O legado de Pinto Monteiro fica marcado por ter recusado seguir o parecer dos investigadores do processo Face Oculta.
Fernando Pinto Monteiro iniciou o seu mandato de procurador-geral da República (PGR) prometendo mundos e fundos. Elegeu a corrupção no seu discurso de tomada de posse como um dos crimes prioritários a combater, declarou guerra ao "conde, visconde e marquesa" do Ministério Público (MP) e jurou: "Tudo o que venha ao meu conhecimento, eu mando investigar. Esteja em causa o A, o B ou o C." É caso para dizer que pela boca morreu o peixe.
Sucedendo a um PGR, Souto Moura, que deu autonomia aos magistrados do MP para investigarem figuras poderosas da sociedade portuguesa (recorde-se apenas Valentim Loureiro, Isaltino Morais, Pinto da Costa ou o caso Casa Pia), Pinto Monteiro quis regressar ao modelo centralizado de Cunha Rodrigues. Esqueceu que o MP sofreu um rejuvenescimento, tem uma nova geração de magistrados que cresceram em democracia e que aplicam o princípio estruturante do Estado de direito: todos são iguais perante a lei.

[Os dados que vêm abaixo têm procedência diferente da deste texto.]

(* For every $f\in G_{\mathcal S}$, let $\mathcal R(f):=\big(f^{\circ-1}\big)^{\vdash-1}$, where $f^{\circ-1}$ is the inverse of $f$ for $\circ$ and $h^{\vdash-1}$ denotes the inverse of $h$ for $\vdash$. Then $$f=\mathcal R(f)\dashv f.$$
   Context: A reduced plane tree is a rooted plane tree in which every internal node has at least two children (a single leaf is allowed). Trees are encoded as words in noncommuting letters $S_0,S_1,\dots$ by reading nodes in preorder and writing $S_{k-1}$ for a node with $k$ children (a leaf is $S_0$); series are formal linear combinations of such words. For a tree $t_0$ with $n$ leaves and trees $t_1,\dots,t_n$, $t_0\circ(t_1,\dots,t_n)$ is obtained by replacing the leaves of $t_0$, from left to right, by $t_1,\dots,t_n$; this is extended multilinearly to series. The Schröder group $G_{\mathcal S}$ consists of series $p=S_0+\sum_{n\ge2}p_n$, $p_n$ a finite linear combination of trees with $n$ leaves, with product $p\circ q=q+\sum_{n\ge2}p_n\circ(q,\dots,q)$ (a group with identity $S_0$). For $f=S_0+\sum_{n\ge2}f_n$ and $g$ in $G_{\mathcal S}$ define $$f\dashv g=S_0+\sum_{n\ge2}f_n\circ(\underbrace{g,\dots,g}_{n-1},S_0),\qquad f\vdash g=g+\sum_{n\ge2}f_n\circ(\underbrace{S_0,\dots,S_0}_{n-1},g).$$ $G_{\mathcal S}$ is a group under $\vdash$ with identity $S_0$. *)

theory Defs
  imports Main
begin

text \<open>A leaf is a node
with no children (the letter S_0); a node with k children is the letter S_(k-1).
The preorder word encoding is a bijection onto this datatype.\<close>

datatype tree = Node "tree list"

abbreviation Leaf :: tree where "Leaf \<equiv> Node []"

fun reduced :: "tree \<Rightarrow> bool" where
  "reduced (Node cs) = ((cs = [] \<or> 2 \<le> length cs) \<and> (\<forall>c\<in>set cs. reduced c))"

fun leaves :: "tree \<Rightarrow> nat" where
  "leaves (Node cs) = (if cs = [] then 1 else sum_list (map leaves cs))"

text \<open>Grafting: t0 with n leaves, list ts of n trees; the leaves of t0 are
replaced from left to right by the elements of ts.\<close>

function graft :: "tree \<Rightarrow> tree list \<Rightarrow> tree" where
  "graft (Node cs) ts =
     (if cs = [] then hd ts
      else Node (map (\<lambda>i. graft (cs ! i)
                  (take (leaves (cs ! i)) (drop (sum_list (map leaves (take i cs))) ts)))
                [0..<length cs]))"
  by pat_completeness auto
termination
proof (relation "measure (\<lambda>(t, ts). size t)")
  show "wf (measure (\<lambda>(t, ts). size t))" by simp
next
  fix cs :: "tree list" and ts :: "tree list" and i
  assume "i \<in> set [0..<length cs]"
  then have "cs ! i \<in> set cs" by simp
  then have "size (cs ! i) < Suc (size_list size cs)"
    using size_list_estimation' by (metis le_imp_less_Suc order_refl)
  then show "((cs ! i, take (leaves (cs ! i)) (drop (sum_list (map leaves (take i cs))) ts)),
              Node cs, ts) \<in> measure (\<lambda>(t, ts). size t)" by simp
qed
(* Let $C$ be a program of the probabilistic guarded command language pProgs, let $k\in\mathbb{R}_{\geq 0}$ with $\mathbf{k}=\lambda\sigma.\,k$ the corresponding constant run-time, let $r\in\mathbb{R}_{\geq 0}$, and let $f,g\in\mathbb{T}$ be run-times. Then: (1) (Monotonicity) $f\preceq g$ implies $\mathsf{ert}[C](f)\preceq\mathsf{ert}[C](g)$; (2) (Propagation of constants) if $C$ is $\mathtt{halt}$-free, then $\mathsf{ert}[C](\mathbf{k}+f)=\mathbf{k}+\mathsf{ert}[C](f)$; (3) (Preservation of $\infty$) if $C$ is $\mathtt{halt}$-free, then $\mathsf{ert}[C](\boldsymbol{\infty})=\boldsymbol{\infty}$, where $\boldsymbol{\infty}=\lambda\sigma.\,\infty$; (4) (Sub-additivity) if $C$ is fully probabilistic (contains no non-deterministic choice $\{C_1\}\,\square\,\{C_2\}$), then $\mathsf{ert}[C](f+g)\preceq\mathsf{ert}[C](f)+\mathsf{ert}[C](g)$; (5) (Scaling) $\mathsf{ert}[C](r\cdot f)\succeq\min\{1,r\}\cdot\mathsf{ert}[C](f)$ and $\mathsf{ert}[C](r\cdot f)\preceq\max\{1,r\}\cdot\mathsf{ert}[C](f)$.
   Context: Programs $C\in$ pProgs are generated by the grammar $C ::= \mathtt{empty} \mid \mathtt{skip} \mid \mathtt{halt} \mid x :\approx \mu \mid C;C \mid \{C\}\,\square\,\{C\} \mid \mathtt{if}\,(\xi)\,\{C\}\,\mathtt{else}\,\{C\} \mid \mathtt{while}\,(\xi)\,\{C\}$, where $x$ is a program variable, $\mu$ a distribution expression and $\xi$ a distribution expression over truth values (probabilistic guard). A program state $\sigma$ maps program variables to values; $\Sigma$ is the set of states. Each distribution expression $\mu$ has an interpretation $[\![\mu]\!]:\Sigma\to\mathcal{D}(\mathsf{Vals})$ assigning to each state a discrete probability distribution of total mass 1 over values; $[\mu:v](\sigma)$ denotes the probability that $[\![\mu]\!](\sigma)$ assigns to $v$, so $[\xi:\mathsf{false}]=1-[\xi:\mathsf{true}]$. Run-times are the functions $\mathbb{T}=\{f\mid f:\Sigma\to\mathbb{R}_{\geq0}\cup\{\infty\}\}$, ordered pointwise by $f\preceq g$ iff $f(\sigma)\le g(\sigma)$ for all $\sigma$; arithmetic on run-times is pointwise (with $0\cdot\infty=0$). The expected run-time transformer $\mathsf{ert}[C]:\mathbb{T}\to\mathbb{T}$ is defined by: $\mathsf{ert}[\mathtt{empty}](f)=f$; $\mathsf{ert}[\mathtt{skip}](f)=\mathbf{1}+f$; $\mathsf{ert}[\mathtt{halt}](f)=\mathbf{0}$; $\mathsf{ert}[x:\approx\mu](f)=\mathbf{1}+\lambda\sigma.\sum_v [\![\mu]\!](\sigma)(v)\cdot f(\sigma[x/v])$; $\mathsf{ert}[C_1;C_2](f)=\mathsf{ert}[C_1](\mathsf{ert}[C_2](f))$; $\mathsf{ert}[\{C_1\}\square\{C_2\}](f)=\max\{\mathsf{ert}[C_1](f),\mathsf{ert}[C_2](f)\}$ (pointwise); $\mathsf{ert}[\mathtt{if}(\xi)\{C_1\}\mathtt{else}\{C_2\}](f)=\mathbf{1}+[\xi:\mathsf{true}]\cdot\mathsf{ert}[C_1](f)+[\xi:\mathsf{false}]\cdot\mathsf{ert}[C_2](f)$; $\mathsf{ert}[\mathtt{while}(\xi)\{C'\}](f)=\mathrm{lfp}\,X.\ \mathbf{1}+[\xi:\mathsf{false}]\cdot f+[\xi:\mathsf{true}]\cdot\mathsf{ert}[C'](X)$ (least fixed point w.r.t. $\preceq$). Here $\mathbf{c}=\lambda\sigma.\,c$ denotes a constant run-time. *)

theory Defs
  imports "HOL-Probability.Probability_Mass_Function"
begin

type_synonym ('x, 'v) state = "'x \<Rightarrow> 'v"
type_synonym ('x, 'v) dexp = "('x, 'v) state \<Rightarrow> 'v pmf"
type_synonym ('x, 'v) guard = "('x, 'v) state \<Rightarrow> bool pmf"

text \<open>Run-times: functions from states to extended non-negative reals
  (ennreal, where 0 * \<infinity> = 0), ordered pointwise.\<close>
type_synonym ('x, 'v) runtime = "('x, 'v) state \<Rightarrow> ennreal"

datatype ('x, 'v) prog =
    Empty
  | Skip
  | Halt
  | Assign 'x "('x, 'v) dexp"
  | Seq "('x, 'v) prog" "('x, 'v) prog"
  | NDChoice "('x, 'v) prog" "('x, 'v) prog"
  | If "('x, 'v) guard" "('x, 'v) prog" "('x, 'v) prog"
  | While "('x, 'v) guard" "('x, 'v) prog"

primrec ert :: "('x, 'v) prog \<Rightarrow> ('x, 'v) runtime \<Rightarrow> ('x, 'v) runtime" where
  "ert Empty f = f"
| "ert Skip f = (\<lambda>\<sigma>. 1 + f \<sigma>)"
| "ert Halt f = (\<lambda>\<sigma>. 0)"
| "ert (Assign x \<mu>) f =
     (\<lambda>\<sigma>. 1 + (\<integral>\<^sup>+ v. f (\<sigma>(x := v)) \<partial>measure_pmf (\<mu> \<sigma>)))"
| "ert (Seq C1 C2) f = ert C1 (ert C2 f)"
| "ert (NDChoice C1 C2) f = (\<lambda>\<sigma>. max (ert C1 f \<sigma>) (ert C2 f \<sigma>))"
| "ert (If \<xi> C1 C2) f =
     (\<lambda>\<sigma>. 1 + ennreal (pmf (\<xi> \<sigma>) True) * ert C1 f \<sigma>
             + ennreal (pmf (\<xi> \<sigma>) False) * ert C2 f \<sigma>)"
| "ert (While \<xi> C) f =
     lfp (\<lambda>X \<sigma>. 1 + ennreal (pmf (\<xi> \<sigma>) False) * f \<sigma>
                   + ennreal (pmf (\<xi> \<sigma>) True) * ert C X \<sigma>)"

primrec halt_free :: "('x, 'v) prog \<Rightarrow> bool" where
  "halt_free Empty = True"
| "halt_free Skip = True"
| "halt_free Halt = False"
| "halt_free (Assign x \<mu>) = True"
| "halt_free (Seq C1 C2) = (halt_free C1 \<and> halt_free C2)"
| "halt_free (NDChoice C1 C2) = (halt_free C1 \<and> halt_free C2)"
| "halt_free (If \<xi> C1 C2) = (halt_free C1 \<and> halt_free C2)"
| "halt_free (While \<xi> C) = halt_free C"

O homem que queria investigar tudo o que chegasse ao seu conhecimento é o mesmo que impediu que o MP investigasse as suspeitas criminais que recaíram sobre José Sócrates e a sua entourage na tentativa, por exemplo, de controlar a comunicação social. Confrontado com as suspeitas do DIAP de Aveiro, Pinto Monteiro, em consonância com Noronha Nascimento, agiu ao arrepio das regras do jogo democrático, impedindo a investigação e o escrutínio das suas decisões. Tudo o que um PGR não deve fazer.
Não se pense, contudo, que o balanço é totalmente negativo. O conselheiro Pinto Monteiro trouxe para a agenda do PGR temas actuais como a violência juvenil nas escolas e nas cidades ou os abusos contra idosos. Teve também o mérito de criar equipas especiais de investigação que ajudaram a resolver processos complexos, como o Apito Dourado, a violência no Porto ou as irregularidades urbanísticas em Lisboa.
Estes factos, contudo, não escondem o óbvio: Pinto Monteiro sai do Palácio Palmela isolado na estrutura do MP e com uma mancha chamada processo Face Oculta que não desaparecerá com o tempo.
Para quem dizia que Souto Moura deixaria saudades, eis a prova de que a razão tarda mas chega.